Where a line holds the word "bool", copy it from the records.

*** Block opens ***

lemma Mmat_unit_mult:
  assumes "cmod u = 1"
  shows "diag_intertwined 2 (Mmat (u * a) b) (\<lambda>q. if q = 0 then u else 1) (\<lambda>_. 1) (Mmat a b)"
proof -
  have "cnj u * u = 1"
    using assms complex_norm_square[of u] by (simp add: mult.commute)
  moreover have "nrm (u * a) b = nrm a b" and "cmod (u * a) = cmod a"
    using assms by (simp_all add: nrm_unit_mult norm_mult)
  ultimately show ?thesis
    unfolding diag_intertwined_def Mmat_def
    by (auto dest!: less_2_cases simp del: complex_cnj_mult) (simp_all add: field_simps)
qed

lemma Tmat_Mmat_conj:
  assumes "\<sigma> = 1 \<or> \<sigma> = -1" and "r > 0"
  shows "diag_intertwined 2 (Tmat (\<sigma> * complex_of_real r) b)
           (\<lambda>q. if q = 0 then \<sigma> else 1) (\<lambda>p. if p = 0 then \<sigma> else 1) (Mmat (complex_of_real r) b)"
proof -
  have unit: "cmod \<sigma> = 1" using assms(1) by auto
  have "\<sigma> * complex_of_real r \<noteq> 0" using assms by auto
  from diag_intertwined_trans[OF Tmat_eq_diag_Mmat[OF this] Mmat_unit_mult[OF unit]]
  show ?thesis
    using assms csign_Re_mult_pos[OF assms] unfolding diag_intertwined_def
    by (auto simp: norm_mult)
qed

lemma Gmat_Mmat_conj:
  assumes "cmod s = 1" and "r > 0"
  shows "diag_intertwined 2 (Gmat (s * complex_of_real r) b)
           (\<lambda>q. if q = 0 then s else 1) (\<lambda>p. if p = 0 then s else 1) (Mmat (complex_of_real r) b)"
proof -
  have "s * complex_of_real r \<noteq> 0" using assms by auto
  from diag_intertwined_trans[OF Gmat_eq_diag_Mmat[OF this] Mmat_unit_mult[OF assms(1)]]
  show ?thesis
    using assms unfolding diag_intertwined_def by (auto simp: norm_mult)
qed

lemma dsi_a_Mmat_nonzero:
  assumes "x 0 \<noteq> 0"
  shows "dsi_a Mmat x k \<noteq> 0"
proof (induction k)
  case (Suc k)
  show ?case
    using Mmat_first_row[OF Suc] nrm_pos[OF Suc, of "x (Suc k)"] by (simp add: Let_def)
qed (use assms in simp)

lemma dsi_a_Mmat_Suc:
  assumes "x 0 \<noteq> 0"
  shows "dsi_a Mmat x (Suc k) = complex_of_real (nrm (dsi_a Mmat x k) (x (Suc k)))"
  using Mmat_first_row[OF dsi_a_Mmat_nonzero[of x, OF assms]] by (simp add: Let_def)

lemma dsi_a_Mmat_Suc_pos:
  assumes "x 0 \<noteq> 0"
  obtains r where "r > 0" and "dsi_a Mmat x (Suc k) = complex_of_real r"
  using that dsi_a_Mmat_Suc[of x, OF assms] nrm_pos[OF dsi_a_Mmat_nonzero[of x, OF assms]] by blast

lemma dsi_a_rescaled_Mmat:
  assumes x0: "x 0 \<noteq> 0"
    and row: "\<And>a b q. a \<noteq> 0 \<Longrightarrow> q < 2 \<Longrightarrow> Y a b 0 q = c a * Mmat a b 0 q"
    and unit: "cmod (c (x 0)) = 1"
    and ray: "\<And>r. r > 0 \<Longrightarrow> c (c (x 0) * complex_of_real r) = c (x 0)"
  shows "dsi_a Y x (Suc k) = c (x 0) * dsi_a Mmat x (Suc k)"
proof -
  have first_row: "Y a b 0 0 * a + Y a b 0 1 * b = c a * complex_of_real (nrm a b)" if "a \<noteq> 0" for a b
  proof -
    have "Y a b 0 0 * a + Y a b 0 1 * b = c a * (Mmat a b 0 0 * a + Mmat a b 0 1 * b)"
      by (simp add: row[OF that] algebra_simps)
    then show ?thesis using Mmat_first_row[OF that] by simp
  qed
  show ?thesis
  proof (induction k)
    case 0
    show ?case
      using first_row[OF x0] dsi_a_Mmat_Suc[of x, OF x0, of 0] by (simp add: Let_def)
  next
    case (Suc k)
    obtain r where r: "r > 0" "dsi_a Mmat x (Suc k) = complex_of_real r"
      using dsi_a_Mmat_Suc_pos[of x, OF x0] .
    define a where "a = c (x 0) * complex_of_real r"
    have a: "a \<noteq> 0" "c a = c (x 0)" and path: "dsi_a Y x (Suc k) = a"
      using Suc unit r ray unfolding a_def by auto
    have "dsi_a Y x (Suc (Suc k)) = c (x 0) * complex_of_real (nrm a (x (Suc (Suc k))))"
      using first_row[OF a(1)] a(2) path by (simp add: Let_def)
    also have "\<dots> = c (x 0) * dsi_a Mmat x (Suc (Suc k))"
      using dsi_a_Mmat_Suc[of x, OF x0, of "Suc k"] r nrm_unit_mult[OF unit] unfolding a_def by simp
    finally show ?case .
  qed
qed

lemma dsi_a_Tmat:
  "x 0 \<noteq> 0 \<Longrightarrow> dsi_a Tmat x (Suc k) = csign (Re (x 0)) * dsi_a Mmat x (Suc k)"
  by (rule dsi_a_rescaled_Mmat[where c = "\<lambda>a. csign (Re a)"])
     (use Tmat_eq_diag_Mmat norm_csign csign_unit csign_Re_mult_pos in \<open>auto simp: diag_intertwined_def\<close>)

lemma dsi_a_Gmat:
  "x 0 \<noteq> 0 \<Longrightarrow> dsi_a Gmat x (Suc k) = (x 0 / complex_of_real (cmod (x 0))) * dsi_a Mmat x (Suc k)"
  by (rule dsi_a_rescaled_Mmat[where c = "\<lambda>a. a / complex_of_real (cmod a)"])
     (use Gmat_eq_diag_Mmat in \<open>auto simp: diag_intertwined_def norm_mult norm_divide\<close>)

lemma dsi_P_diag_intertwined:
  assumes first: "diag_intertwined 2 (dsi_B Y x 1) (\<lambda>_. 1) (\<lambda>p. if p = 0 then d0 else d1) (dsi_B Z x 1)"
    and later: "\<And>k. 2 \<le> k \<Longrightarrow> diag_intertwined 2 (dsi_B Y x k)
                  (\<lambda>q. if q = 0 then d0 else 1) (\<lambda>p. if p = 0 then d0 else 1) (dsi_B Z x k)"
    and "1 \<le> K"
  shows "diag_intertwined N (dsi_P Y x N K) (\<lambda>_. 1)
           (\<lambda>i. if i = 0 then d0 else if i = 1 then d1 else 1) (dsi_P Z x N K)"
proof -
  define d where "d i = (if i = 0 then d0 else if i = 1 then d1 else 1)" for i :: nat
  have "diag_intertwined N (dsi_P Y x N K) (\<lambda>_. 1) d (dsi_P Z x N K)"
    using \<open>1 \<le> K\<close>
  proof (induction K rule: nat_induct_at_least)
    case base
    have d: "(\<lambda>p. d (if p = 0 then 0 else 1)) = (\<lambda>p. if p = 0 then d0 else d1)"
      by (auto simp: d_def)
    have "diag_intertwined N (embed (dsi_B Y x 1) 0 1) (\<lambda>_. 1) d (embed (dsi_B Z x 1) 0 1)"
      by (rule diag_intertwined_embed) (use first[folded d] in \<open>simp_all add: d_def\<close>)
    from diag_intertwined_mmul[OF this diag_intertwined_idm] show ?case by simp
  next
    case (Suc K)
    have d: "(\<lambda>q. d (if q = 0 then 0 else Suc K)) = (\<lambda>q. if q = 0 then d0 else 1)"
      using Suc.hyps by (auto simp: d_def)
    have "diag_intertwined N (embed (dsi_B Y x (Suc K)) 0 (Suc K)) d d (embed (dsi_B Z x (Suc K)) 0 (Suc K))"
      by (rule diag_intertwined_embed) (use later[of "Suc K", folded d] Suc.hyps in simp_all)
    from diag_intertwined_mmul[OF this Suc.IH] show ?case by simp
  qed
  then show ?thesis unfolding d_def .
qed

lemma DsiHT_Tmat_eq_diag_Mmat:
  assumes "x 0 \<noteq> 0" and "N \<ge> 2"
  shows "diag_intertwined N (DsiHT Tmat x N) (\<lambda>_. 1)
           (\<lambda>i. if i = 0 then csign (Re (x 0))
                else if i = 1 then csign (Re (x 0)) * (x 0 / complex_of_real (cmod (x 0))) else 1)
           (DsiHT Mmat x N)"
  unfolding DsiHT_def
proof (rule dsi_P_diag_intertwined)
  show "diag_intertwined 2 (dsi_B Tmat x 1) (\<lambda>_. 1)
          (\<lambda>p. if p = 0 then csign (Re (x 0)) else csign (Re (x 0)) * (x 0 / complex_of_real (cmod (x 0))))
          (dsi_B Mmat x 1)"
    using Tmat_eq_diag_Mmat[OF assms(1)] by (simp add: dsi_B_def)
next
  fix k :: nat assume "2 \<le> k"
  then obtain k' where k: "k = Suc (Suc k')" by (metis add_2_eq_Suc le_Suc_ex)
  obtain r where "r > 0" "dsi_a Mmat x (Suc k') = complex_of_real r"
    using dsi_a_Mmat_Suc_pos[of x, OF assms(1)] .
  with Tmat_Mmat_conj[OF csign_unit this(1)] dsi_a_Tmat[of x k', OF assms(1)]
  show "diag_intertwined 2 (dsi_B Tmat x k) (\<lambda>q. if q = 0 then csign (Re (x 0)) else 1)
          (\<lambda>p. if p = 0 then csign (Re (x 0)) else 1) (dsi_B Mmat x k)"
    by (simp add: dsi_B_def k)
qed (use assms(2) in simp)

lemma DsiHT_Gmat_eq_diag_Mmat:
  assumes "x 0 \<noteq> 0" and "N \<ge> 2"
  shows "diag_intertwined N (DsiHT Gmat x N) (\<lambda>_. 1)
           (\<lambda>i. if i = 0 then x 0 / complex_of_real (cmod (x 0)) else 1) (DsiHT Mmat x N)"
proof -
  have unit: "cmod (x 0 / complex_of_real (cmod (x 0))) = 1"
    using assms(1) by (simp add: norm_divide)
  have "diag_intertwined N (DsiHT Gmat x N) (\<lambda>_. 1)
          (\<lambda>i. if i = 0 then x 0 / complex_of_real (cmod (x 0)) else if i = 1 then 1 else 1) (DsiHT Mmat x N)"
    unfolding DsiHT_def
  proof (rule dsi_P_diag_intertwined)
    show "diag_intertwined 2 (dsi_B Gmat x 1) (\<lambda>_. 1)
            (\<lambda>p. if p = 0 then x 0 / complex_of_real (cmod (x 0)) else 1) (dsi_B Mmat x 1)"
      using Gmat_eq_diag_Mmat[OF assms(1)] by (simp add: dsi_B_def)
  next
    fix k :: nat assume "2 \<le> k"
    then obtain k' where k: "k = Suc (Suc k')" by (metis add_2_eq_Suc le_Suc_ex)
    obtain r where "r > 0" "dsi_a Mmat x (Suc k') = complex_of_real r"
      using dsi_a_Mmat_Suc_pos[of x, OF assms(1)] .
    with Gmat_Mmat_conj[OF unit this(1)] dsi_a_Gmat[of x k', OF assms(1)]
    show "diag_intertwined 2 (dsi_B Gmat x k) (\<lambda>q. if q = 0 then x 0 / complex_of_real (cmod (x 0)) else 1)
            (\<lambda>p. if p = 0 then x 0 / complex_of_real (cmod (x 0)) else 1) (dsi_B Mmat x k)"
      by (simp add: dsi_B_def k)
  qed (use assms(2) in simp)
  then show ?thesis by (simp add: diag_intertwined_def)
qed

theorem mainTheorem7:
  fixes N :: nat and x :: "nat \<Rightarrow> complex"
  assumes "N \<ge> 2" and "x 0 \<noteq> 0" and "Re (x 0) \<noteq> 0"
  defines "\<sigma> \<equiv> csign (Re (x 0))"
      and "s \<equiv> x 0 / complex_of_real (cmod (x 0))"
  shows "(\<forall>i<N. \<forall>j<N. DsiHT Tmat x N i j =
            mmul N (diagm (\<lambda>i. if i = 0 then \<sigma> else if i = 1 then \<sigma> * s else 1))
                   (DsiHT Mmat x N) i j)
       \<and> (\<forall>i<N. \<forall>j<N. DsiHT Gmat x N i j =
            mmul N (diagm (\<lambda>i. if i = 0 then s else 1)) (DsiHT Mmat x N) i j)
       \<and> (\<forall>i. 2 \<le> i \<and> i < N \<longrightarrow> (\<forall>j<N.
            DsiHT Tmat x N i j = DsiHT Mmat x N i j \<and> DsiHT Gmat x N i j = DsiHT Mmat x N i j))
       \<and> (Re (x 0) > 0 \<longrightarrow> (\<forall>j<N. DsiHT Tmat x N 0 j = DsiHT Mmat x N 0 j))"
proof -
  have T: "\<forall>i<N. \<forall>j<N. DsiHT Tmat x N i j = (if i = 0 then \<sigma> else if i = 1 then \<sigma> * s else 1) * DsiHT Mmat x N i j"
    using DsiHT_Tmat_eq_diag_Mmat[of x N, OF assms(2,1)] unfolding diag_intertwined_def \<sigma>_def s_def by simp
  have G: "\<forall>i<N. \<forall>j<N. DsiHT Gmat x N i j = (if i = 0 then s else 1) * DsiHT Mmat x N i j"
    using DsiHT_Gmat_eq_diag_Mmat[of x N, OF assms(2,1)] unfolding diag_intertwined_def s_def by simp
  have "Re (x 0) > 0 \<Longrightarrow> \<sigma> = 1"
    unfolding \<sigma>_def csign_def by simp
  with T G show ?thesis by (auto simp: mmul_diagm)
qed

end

*** Block closes ***
*** Block opens ***

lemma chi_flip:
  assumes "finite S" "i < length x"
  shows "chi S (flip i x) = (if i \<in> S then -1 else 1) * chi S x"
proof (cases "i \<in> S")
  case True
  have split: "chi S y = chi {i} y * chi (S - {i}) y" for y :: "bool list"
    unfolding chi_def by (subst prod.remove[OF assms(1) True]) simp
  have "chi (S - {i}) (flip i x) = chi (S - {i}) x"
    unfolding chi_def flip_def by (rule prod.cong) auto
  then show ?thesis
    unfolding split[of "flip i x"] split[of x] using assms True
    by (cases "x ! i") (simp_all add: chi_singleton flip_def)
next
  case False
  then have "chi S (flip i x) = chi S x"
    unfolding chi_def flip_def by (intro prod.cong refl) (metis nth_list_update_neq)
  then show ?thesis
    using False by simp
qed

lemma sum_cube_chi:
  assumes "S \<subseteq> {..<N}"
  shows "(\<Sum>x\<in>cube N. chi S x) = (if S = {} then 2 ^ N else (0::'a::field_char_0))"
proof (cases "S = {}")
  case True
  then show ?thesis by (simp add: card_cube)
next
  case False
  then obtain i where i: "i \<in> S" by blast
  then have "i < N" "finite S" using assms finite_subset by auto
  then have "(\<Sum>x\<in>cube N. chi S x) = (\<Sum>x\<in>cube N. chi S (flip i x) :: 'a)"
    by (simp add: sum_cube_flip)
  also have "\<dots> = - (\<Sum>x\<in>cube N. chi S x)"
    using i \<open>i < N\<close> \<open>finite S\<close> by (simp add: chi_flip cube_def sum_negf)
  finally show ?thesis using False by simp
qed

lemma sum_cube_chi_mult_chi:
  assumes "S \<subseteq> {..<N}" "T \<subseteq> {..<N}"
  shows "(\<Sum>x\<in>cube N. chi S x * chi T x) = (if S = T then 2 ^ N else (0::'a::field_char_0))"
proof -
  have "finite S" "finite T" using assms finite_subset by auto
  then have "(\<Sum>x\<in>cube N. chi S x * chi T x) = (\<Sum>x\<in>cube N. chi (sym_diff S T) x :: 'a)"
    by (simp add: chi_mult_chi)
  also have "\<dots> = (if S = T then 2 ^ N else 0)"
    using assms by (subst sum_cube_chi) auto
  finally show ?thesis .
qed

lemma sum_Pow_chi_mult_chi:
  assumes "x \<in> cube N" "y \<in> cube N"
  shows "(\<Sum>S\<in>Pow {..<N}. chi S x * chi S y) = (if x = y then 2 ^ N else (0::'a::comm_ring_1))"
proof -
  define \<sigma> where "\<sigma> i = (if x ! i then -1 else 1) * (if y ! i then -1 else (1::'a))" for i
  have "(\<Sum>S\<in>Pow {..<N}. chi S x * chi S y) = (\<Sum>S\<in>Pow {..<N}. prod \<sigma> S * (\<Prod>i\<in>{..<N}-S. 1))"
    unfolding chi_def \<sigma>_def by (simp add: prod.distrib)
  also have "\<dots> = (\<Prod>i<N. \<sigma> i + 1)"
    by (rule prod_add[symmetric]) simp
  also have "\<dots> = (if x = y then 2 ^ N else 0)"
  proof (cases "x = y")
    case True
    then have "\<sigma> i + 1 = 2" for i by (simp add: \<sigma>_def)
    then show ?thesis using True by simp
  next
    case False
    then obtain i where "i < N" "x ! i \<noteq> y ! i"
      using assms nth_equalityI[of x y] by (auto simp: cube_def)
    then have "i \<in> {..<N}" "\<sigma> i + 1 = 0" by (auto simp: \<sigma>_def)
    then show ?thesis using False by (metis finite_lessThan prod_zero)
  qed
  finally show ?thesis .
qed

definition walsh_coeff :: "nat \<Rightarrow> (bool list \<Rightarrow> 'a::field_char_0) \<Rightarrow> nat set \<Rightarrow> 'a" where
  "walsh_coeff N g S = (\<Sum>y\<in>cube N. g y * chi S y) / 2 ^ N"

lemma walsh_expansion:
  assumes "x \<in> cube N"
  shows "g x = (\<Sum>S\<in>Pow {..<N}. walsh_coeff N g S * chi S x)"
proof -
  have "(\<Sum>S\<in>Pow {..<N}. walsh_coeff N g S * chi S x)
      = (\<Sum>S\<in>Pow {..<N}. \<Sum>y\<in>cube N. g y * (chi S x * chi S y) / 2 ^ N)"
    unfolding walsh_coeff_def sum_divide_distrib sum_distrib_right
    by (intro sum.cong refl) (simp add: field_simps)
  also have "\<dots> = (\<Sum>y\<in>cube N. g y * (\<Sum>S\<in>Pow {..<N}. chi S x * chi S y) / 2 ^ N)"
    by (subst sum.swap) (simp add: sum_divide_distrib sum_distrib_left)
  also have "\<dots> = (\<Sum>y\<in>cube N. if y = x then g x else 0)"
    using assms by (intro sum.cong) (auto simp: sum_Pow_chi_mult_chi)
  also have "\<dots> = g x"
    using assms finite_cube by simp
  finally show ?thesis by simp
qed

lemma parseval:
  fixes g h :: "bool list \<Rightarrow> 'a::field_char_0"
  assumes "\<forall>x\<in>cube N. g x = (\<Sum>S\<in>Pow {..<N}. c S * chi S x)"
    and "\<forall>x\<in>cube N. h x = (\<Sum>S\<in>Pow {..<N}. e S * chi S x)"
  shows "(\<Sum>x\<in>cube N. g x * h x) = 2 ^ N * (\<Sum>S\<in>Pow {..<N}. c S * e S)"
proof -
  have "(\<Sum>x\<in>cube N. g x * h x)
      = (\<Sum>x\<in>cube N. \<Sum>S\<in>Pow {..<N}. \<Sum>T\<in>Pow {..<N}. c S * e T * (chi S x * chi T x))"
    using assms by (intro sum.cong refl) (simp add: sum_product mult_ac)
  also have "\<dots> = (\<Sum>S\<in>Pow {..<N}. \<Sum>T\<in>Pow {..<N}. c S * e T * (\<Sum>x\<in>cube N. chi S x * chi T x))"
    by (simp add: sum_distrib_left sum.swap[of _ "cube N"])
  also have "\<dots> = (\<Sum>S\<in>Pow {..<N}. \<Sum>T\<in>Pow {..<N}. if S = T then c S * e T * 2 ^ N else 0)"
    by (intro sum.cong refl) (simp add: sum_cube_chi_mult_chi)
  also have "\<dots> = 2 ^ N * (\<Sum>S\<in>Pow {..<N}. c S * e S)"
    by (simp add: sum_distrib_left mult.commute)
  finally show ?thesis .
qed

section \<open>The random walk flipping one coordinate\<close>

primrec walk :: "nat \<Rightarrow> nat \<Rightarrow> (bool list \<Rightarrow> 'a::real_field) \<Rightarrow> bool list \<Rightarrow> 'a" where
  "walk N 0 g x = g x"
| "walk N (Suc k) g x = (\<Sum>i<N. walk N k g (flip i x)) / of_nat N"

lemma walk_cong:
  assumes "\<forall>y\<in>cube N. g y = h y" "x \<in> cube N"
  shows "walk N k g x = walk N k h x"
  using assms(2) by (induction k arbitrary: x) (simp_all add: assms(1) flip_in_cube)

*** Block closes ***
*** Block opens ***

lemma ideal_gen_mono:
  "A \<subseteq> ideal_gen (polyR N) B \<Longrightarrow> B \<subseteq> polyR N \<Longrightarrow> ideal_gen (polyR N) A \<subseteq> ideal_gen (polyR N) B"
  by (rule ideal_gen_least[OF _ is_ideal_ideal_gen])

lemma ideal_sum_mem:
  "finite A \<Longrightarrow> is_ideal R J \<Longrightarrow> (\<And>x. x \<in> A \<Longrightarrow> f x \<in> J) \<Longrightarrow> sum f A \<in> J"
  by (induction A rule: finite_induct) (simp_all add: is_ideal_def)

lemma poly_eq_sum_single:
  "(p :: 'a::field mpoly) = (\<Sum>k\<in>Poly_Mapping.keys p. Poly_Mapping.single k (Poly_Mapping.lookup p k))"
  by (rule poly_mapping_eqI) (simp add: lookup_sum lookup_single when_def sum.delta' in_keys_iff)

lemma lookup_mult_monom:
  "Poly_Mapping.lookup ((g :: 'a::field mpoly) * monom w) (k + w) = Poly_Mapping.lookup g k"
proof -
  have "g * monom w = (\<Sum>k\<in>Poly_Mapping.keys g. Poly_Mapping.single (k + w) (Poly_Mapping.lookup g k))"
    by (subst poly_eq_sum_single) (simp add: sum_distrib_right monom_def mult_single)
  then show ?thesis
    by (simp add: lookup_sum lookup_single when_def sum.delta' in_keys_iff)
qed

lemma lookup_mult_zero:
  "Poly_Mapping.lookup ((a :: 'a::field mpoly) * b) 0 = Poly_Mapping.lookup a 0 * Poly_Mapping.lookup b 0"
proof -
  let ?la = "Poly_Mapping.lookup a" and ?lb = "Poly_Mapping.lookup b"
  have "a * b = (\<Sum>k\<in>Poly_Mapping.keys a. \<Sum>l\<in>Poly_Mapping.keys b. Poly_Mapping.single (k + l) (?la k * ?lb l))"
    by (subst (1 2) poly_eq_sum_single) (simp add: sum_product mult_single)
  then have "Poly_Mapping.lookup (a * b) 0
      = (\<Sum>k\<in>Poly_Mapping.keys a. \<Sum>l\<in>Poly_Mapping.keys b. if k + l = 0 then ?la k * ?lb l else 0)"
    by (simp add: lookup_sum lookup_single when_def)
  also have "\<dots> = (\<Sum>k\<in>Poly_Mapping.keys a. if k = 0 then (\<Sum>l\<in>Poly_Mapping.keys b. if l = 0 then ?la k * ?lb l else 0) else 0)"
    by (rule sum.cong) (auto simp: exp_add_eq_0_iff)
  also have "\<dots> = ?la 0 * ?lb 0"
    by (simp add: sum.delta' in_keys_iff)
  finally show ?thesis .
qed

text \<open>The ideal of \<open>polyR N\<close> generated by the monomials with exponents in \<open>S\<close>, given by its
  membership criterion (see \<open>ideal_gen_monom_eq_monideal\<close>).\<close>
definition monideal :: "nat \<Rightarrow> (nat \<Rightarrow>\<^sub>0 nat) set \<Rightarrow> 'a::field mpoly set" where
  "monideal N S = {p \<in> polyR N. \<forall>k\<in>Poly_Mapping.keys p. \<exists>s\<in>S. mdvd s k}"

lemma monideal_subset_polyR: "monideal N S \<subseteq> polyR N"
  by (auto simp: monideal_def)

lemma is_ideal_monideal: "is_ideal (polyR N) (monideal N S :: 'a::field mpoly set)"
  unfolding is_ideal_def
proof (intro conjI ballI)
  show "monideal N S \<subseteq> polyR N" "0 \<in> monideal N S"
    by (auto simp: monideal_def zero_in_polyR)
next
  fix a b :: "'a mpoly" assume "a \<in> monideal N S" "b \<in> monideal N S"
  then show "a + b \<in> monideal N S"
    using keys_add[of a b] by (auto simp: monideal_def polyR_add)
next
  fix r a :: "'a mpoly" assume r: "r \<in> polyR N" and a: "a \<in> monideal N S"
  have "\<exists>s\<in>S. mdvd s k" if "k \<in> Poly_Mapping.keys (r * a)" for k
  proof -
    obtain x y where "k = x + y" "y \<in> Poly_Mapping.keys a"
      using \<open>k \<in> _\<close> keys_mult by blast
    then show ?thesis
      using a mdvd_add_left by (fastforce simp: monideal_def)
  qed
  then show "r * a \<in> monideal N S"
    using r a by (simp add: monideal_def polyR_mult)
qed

*** Block closes ***

» ANSWER AREA
  have split: "chi S y = chi {i} y * chi (S - {i}) y" for y :: "bool list"
definition walsh_coeff :: "nat \<Rightarrow> (bool list \<Rightarrow> 'a::field_char_0) \<Rightarrow> nat set \<Rightarrow> 'a" where
  fixes g h :: "bool list \<Rightarrow> 'a::field_char_0"
primrec walk :: "nat \<Rightarrow> nat \<Rightarrow> (bool list \<Rightarrow> 'a::real_field) \<Rightarrow> bool list \<Rightarrow> 'a" where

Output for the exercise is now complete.